lemma w_smallo_wt: "w \<in> o[at_top](wt)"
proof (rule landau_o.smallI)
  fix c :: real
  assume c: "0 < c"
  obtain n :: nat where n: "8 / c \<le> real n"
    using real_arch_simple by blast
  have "\<forall>\<^sub>F t in at_top. dw t < y n \<and> T0 \<le> t"
    using order_tendstoD(2)[OF dw_tendsto_0 y.pos] eventually_ge_at_top[of T0]
    by (rule eventually_conj)
  then obtain a where a: "dw a < y n" "T0 \<le> a"
    using eventually_happens'[of at_top] by force
  have phi_a: "real n + 1 \<le> y.phi (dw a)"
    using T0(2)[OF a(2)] a(1) by (intro y.phi_ge) auto
  have "\<forall>\<^sub>F t in at_top. 8 * w a \<le> w t"
    using w_at_top by (simp add: filterlim_at_top)
  then show "\<forall>\<^sub>F t in at_top. norm (w t) \<le> c * norm (wt t)"
    using eventually_ge_at_top[of a]
  proof eventually_elim
    case (elim t)
    have w_t: "0 \<le> w t"
      using elim a T0(1) by (intro w_nonneg) simp
    have "(real n + 1) * (w t / 8) \<le> y.phi (dw a) * (w t / 8)"
      using phi_a w_t by (intro mult_right_mono) auto
    also have "\<dots> \<le> y.phi (dw a) * (w t / 4 - w a)"
      using elim phi_a by (intro mult_left_mono) auto
    also have "\<dots> \<le> wt t"
      using wt_lower[OF a(2) elim(2)] .
    finally have wt_t: "(real n + 1) * w t \<le> 8 * wt t"
      by simp
    have "8 \<le> c * (real n + 1)"
      using n c by (simp add: field_simps)
    then have "8 * w t \<le> (c * (real n + 1)) * w t"
      using w_t by (rule mult_right_mono)
    also have "\<dots> = c * ((real n + 1) * w t)"
      by simp
    also have "\<dots> \<le> c * (8 * wt t)"
      using wt_t c by (intro mult_left_mono) auto
    finally have "w t \<le> c * wt t"
      by simp
    then show ?case
      using w_t wt_nonneg[of t] elim a T0(1) by simp
  qed
qed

Activity: Give back the listing exactly, please, from its first line to the line containing "using T0(2)[OF a(2)]", inclusive, and nothing past that line.

Exercise output:
lemma w_smallo_wt: "w \<in> o[at_top](wt)"
proof (rule landau_o.smallI)
  fix c :: real
  assume c: "0 < c"
  obtain n :: nat where n: "8 / c \<le> real n"
    using real_arch_simple by blast
  have "\<forall>\<^sub>F t in at_top. dw t < y n \<and> T0 \<le> t"
    using order_tendstoD(2)[OF dw_tendsto_0 y.pos] eventually_ge_at_top[of T0]
    by (rule eventually_conj)
  then obtain a where a: "dw a < y n" "T0 \<le> a"
    using eventually_happens'[of at_top] by force
  have phi_a: "real n + 1 \<le> y.phi (dw a)"
    using T0(2)[OF a(2)] a(1) by (intro y.phi_ge) auto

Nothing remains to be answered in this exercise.